From here you will find answers to the most frequently asked questions across all our services. Using the filter simply choose either business or individual to access the complete range of services available. Can’t find the answer you are looking for? Contact us to discuss your query.

I am the director of a company. Am I liable if an employee dies as a result of an accident of work?

A

Directors cannot rely upon limited liability to avoid the risk of being prosecuted as an individual if a death occurs in the workplace following breaches of health and safety. Penalties upon conviction can range from an unlimited fine to life imprisonment depending upon the circumstances. Seek legal advice immediately.

Do I need a solicitor to attend with me for a meeting with HSE?

A

You are entitled to nominate someone to attend the meeting with you and that can include a solicitor but HSE do not have to agree. If you are being interviewed under caution and in accordance with the Police and Criminal Evidence Act you can insist on having a solicitor with you

I have been asked to attend a meeting with the Health and Safety Executive. Should I attend?

A

You are obliged by law to cooperate with HSE inspectors during an investigation, including providing any information they may reasonably require and attending any necessary meetings.

I have been asked to attend for an interview with HMRC. Do I need a solicitor?

A

If the interview is to be conducted under caution and in accordance with the Police and Criminal Evidence Act the answer is yes.
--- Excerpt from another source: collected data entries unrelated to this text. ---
(* Consider $n$ buyers and $m$ datasets, where buyer $i$ has budget $b_i\in\mathbb{R}_{\ge0}$ and linear valuation $v_i(\mathbf{x})=\sum_j\tau_{i,j}x_j$ with $\tau_{i,j}\ge0$. For a price vector $\mathbf{p}\in\mathbb{R}_{\ge0}^m$, consider the linear pricing function $\mathbf{x}\mapsto\mathbf{p}^\top\mathbf{x}$ and let $r_i(\mathbf{p})=r(\mathbf{p}^\top\cdot\mid v_i,b_i)$. Then $$r_i(\mathbf{p})=\min\Big(b_i,\sum_{j\in[m]:\,\tau_{i,j}\ge p_j}p_j\Big).$$ Moreover, there exists a price vector $\hat{\mathbf{p}}\in\mathbb{R}^m_{\ge0}$ with $r_i(\hat{\mathbf{p}})\ge r_i(\mathbf{p})$ for every buyer $i$ and $\hat p_j\in\{\tau_{i,j}:i\in[n]\}$ for every dataset $j$.
   Context: For a pricing function $\mathbf{q}:[0,1]^m\to\mathbb{R}_{\ge0}$ (monotone, $\mathbf{q}(\mathbf{0})=0$), valuation $v$ and budget $b$: $F(\mathbf{q}\mid b)=\{\mathbf{x}\in[0,1]^m:\mathbf{q}(\mathbf{x})\le b\}$, $u^*=\sup_{\mathbf{x}\in F}(v(\mathbf{x})-\mathbf{q}(\mathbf{x}))$, $\mathrm{Dem}(\mathbf{q}\mid v,b)=\{\mathbf{x}\in F:v(\mathbf{x})-\mathbf{q}(\mathbf{x})=u^*\}$, and revenue $r(\mathbf{q}\mid v,b)=\sup_{\mathbf{x}\in\mathrm{Dem}}\mathbf{q}(\mathbf{x})$. *)

theory Defs
  imports "HOL-Analysis.Analysis"
begin

text \<open>Bundles of datasets are vectors x in [0,1]^m, represented as functions
  from a finite index type 'j of datasets to the reals.\<close>

definition cube :: "('j \<Rightarrow> real) set" where
  "cube = {x. \<forall>j. 0 \<le> x j \<and> x j \<le> 1}"

definition feasible :: "(('j \<Rightarrow> real) \<Rightarrow> real) \<Rightarrow> real \<Rightarrow> ('j \<Rightarrow> real) set" where
  "feasible q b = {x \<in> cube. q x \<le> b}"

definition opt_utility :: "(('j \<Rightarrow> real) \<Rightarrow> real) \<Rightarrow> (('j \<Rightarrow> real) \<Rightarrow> real) \<Rightarrow> real \<Rightarrow> real" where
  "opt_utility q v b = (SUP x\<in>feasible q b. v x - q x)"

definition demand :: "(('j \<Rightarrow> real) \<Rightarrow> real) \<Rightarrow> (('j \<Rightarrow> real) \<Rightarrow> real) \<Rightarrow> real \<Rightarrow> ('j \<Rightarrow> real) set" where
  "demand q v b = {x \<in> feasible q b. v x - q x = opt_utility q v b}"

definition revenue :: "(('j \<Rightarrow> real) \<Rightarrow> real) \<Rightarrow> (('j \<Rightarrow> real) \<Rightarrow> real) \<Rightarrow> real \<Rightarrow> real" where
  "revenue q v b = (SUP x\<in>demand q v b. q x)"

definition linear_price :: "('j::finite \<Rightarrow> real) \<Rightarrow> ('j \<Rightarrow> real) \<Rightarrow> real" where
  "linear_price p x = (\<Sum>j\<in>UNIV. p j * x j)"

end

theory Submission
  imports Defs
begin

text \<open>Under linear prices the buyer's problem separates by dataset. A dataset priced above
  the buyer's value is never bought, since dropping it raises utility and lowers the price;
  one priced at most her value can be bought in any affordable amount without losing
  utility. So the seller's favourite demanded bundle buys the acceptable datasets until the
  budget runs out, which gives \<open>min b (\<Sum>{p\<^sub>j | p\<^sub>j \<le> \<tau>\<^sub>j})\<close>. Raising each price \<open>p\<^sub>j\<close> to the
  least valuation \<open>\<tau>\<^sub>i\<^sub>,\<^sub>j \<ge> p\<^sub>j\<close> keeps every dataset acceptable to the same buyers while
  increasing its price, so no buyer's revenue goes down.\<close>

lemma compact_cube: "compact (cube :: ('j::finite \<Rightarrow> real) set)"
proof -
  have "cube = PiE UNIV (\<lambda>_::'j. {0..1::real})"
    by (auto simp: cube_def PiE_def Pi_def extensional_def)
  moreover have "compactin (product_topology (\<lambda>_. euclidean) UNIV) (PiE UNIV (\<lambda>_::'j. {0..1::real}))"
    by (simp add: compactin_PiE)
  ultimately show ?thesis
    by (simp add: euclidean_product_topology)
qed

lemma compact_feasible:
  fixes q :: "('j::finite \<Rightarrow> real) \<Rightarrow> real"
  assumes "continuous_on UNIV q"
  shows "compact (feasible q b)"
proof -
  have "feasible q b = cube \<inter> {x. q x \<le> b}"
    by (auto simp: feasible_def)
  then show ?thesis
    by (simp add: assms compact_Int_closed compact_cube closed_Collect_le)
qed

lemma demand_eq_maximizers:
  fixes q v :: "('j::finite \<Rightarrow> real) \<Rightarrow> real"
  assumes "continuous_on UNIV q" "continuous_on UNIV v"
  shows "demand q v b = {x \<in> feasible q b. \<forall>y\<in>feasible q b. v y - q y \<le> v x - q x}"
proof (cases "feasible q b = {}")
  case False
  have "continuous_on (feasible q b) (\<lambda>x. v x - q x)"
    using assms by (intro continuous_intros) (auto intro: continuous_on_subset)
  then obtain x0 where x0: "x0 \<in> feasible q b" "\<forall>y\<in>feasible q b. v y - q y \<le> v x0 - q x0"
    using continuous_attains_sup[OF compact_feasible[OF assms(1)] False] by blast
  then have "opt_utility q v b = v x0 - q x0"
    unfolding opt_utility_def by (intro cSup_eq_maximum) auto
  with x0 show ?thesis
    unfolding demand_def by force
qed (simp add: demand_def)

lemma revenue_attained:
  fixes q v :: "('j::finite \<Rightarrow> real) \<Rightarrow> real"
  assumes "continuous_on UNIV q" "continuous_on UNIV v" "feasible q b \<noteq> {}"
  obtains x where "x \<in> demand q v b" "revenue q v b = q x" "\<forall>y\<in>demand q v b. q y \<le> q x"
proof -
  have "continuous_on UNIV (\<lambda>x. v x - q x)"
    using assms by (intro continuous_intros)
  then obtain x0 where "x0 \<in> feasible q b" "\<forall>y\<in>feasible q b. v y - q y \<le> v x0 - q x0"
    using continuous_attains_sup[OF compact_feasible[OF assms(1)] assms(3)]
    by (blast intro: continuous_on_subset)
  then have D: "demand q v b = feasible q b \<inter> {x. v x - q x = v x0 - q x0}"
    unfolding demand_eq_maximizers[OF assms(1,2)] by force
  have "compact (demand q v b)"
    unfolding D using assms
    by (intro compact_Int_closed compact_feasible closed_Collect_eq continuous_intros) auto
  moreover have "demand q v b \<noteq> {}"
    using D \<open>x0 \<in> feasible q b\<close> by blast
  ultimately obtain x where x: "x \<in> demand q v b" "\<forall>y\<in>demand q v b. q y \<le> q x"
    using continuous_attains_sup[of "demand q v b" q] assms(1)
    by (blast intro: continuous_on_subset)
  moreover have "revenue q v b = q x"
    unfolding revenue_def using x by (intro cSup_eq_maximum) auto
  ultimately show ?thesis
    using that by blast
qed

lemma continuous_on_linear_price: "continuous_on S (linear_price p)"
proof -
  have "continuous_on UNIV (linear_price p)"
    unfolding linear_price_def by (intro continuous_intros continuous_on_mult continuous_on_sum) auto
  then show ?thesis
    using continuous_on_subset by blast
qed

lemma linear_price_zero [simp]: "linear_price p (\<lambda>_. 0) = 0"
  by (simp add: linear_price_def)

lemma linear_price_update:
  "linear_price p (x(j := c)) = linear_price p x + p j * (c - x j)"
proof -
  have "(\<Sum>k\<in>UNIV. p k * (x(j := c)) k)
      = (\<Sum>k\<in>UNIV. p k * x k + (if k = j then p j * (c - x j) else 0))"
    by (rule sum.cong) (auto simp: algebra_simps)
  then show ?thesis
    unfolding linear_price_def by (simp add: sum.distrib)
qed

lemma feasible_linear_price_nonempty:
  assumes "0 \<le> b"
  shows "feasible (linear_price p) b \<noteq> {}"
proof -
  have "(\<lambda>_. 0) \<in> feasible (linear_price p) b"
    using assms by (simp add: feasible_def cube_def)
  then show ?thesis
    by blast
qed

lemma linear_demand_overpriced_zero:
  assumes p_nonneg: "\<forall>j. 0 \<le> p j"
    and x: "x \<in> demand (linear_price p) (linear_price t) b"
    and overpriced: "t j < p j"
  shows "x j = 0"
proof (rule ccontr)
  assume "x j \<noteq> 0"
  moreover have x_feasible: "x \<in> cube" "linear_price p x \<le> b"
    and x_max: "\<forall>y\<in>feasible (linear_price p) b.
      linear_price t y - linear_price p y \<le> linear_price t x - linear_price p x"
    using x by (auto simp: demand_eq_maximizers continuous_on_linear_price feasible_def)
  ultimately have "0 < x j"
    by (auto simp: cube_def order_less_le)
  define y where "y = x(j := 0)"
  have "y \<in> feasible (linear_price p) b"
    using x_feasible p_nonneg \<open>0 < x j\<close>
    by (auto simp: y_def feasible_def cube_def linear_price_update
        intro: order_trans[OF _ x_feasible(2)])
  then have "linear_price t y - linear_price p y \<le> linear_price t x - linear_price p x"
    using x_max by blast
  moreover have "linear_price t y - linear_price p y
      = linear_price t x - linear_price p x + (p j - t j) * x j"
    by (simp add: y_def linear_price_update algebra_simps)
  moreover have "0 < (p j - t j) * x j"
    using overpriced \<open>0 < x j\<close> by simp
  ultimately show False
    by linarith
qed

lemma linear_price_demand:
  assumes "\<forall>j. 0 \<le> p j" "x \<in> demand (linear_price p) (linear_price t) b"
  shows "linear_price p x = (\<Sum>j\<in>{j. p j \<le> t j}. p j * x j)"
proof -
  have "linear_price p x = (\<Sum>j\<in>{j. p j \<le> t j}. p j * x j) + (\<Sum>j\<in>-{j. p j \<le> t j}. p j * x j)"
    unfolding linear_price_def Compl_eq_Diff_UNIV
    by (simp add: sum.subset_diff[of "{j. p j \<le> t j}" UNIV])
  also have "(\<Sum>j\<in>-{j. p j \<le> t j}. p j * x j) = 0"
    using linear_demand_overpriced_zero[OF assms] by (intro sum.neutral) auto
  finally show ?thesis
    by simp
qed

lemma linear_demand_buy_more:
  assumes x: "x \<in> demand (linear_price p) (linear_price t) b"
    and acceptable: "p j \<le> t j"
    and "0 \<le> d" "x j + d \<le> 1" "linear_price p x + p j * d \<le> b"
  shows "x(j := x j + d) \<in> demand (linear_price p) (linear_price t) b"
proof -
  let ?y = "x(j := x j + d)"
  have x_feasible: "x \<in> cube"
    and x_max: "\<forall>z\<in>feasible (linear_price p) b.
      linear_price t z - linear_price p z \<le> linear_price t x - linear_price p x"
    using x by (auto simp: demand_eq_maximizers continuous_on_linear_price feasible_def)
  have "?y \<in> feasible (linear_price p) b"
    using x_feasible assms(3-5) by (auto simp: feasible_def cube_def linear_price_update)
  moreover have "linear_price t x - linear_price p x \<le> linear_price t ?y - linear_price p ?y"
    using acceptable \<open>0 \<le> d\<close> by (simp add: linear_price_update algebra_simps mult_left_mono)
  then have "\<forall>z\<in>feasible (linear_price p) b.
      linear_price t z - linear_price p z \<le> linear_price t ?y - linear_price p ?y"
    using x_max by fastforce
  ultimately show ?thesis
    by (simp add: demand_eq_maximizers continuous_on_linear_price)
qed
This type of interview can only take place if you are suspected of criminal conduct and could result in a prosecution.

Can I close one company and start a new company with the same name?

A

There are certain restrictions on trading under a similar name and, therefore, you should always take legal advice before setting up a new company or trading.

What is the cheapest way to put my business into liquidation?

A

There are different ways in which to place a company into an insolvency process and the cost will depend on a number of issues

What happens to my staff if my business goes into liquidation or administration?

A

If a company goes into liquidation, it is likely that the business will be closed and any employees will be made redundant. If a company goes into administration, the administrator may ask some employees to continue to work although, in most circumstances, there will be redundancies. If an employee is owed wages, they may be able to make a claim via the insolvency practitioner appointed or through the Redundancy Payments Office.

How do I know if my business is insolvent?

A

If the company is unable to pay its debts as and when they fall due, the directors should seek professional advice from a solicitor or an accountant as to the options available.  In some cases, if advice is sought immediately, the business can be saved.

How do I know if I am insolvent, what should I do next?

A

If you believe that you may be unable to pay your debts as and when they fall due, you should seek professional advice from your solicitor or accountant as to the options available to you.

What is administration?

A

Administration is a formal insolvency procedure whereby an administrator is appointed by either the court, the directors of the company or a floating charge holder. The purpose of the administration is to either attempt a reorganisation of the business or to take steps to sell the company’s assets under the protection of a moratorium. Creditors cannot take steps against the company whilst it is in administration but they may be able to recover goods under a retention of title clause.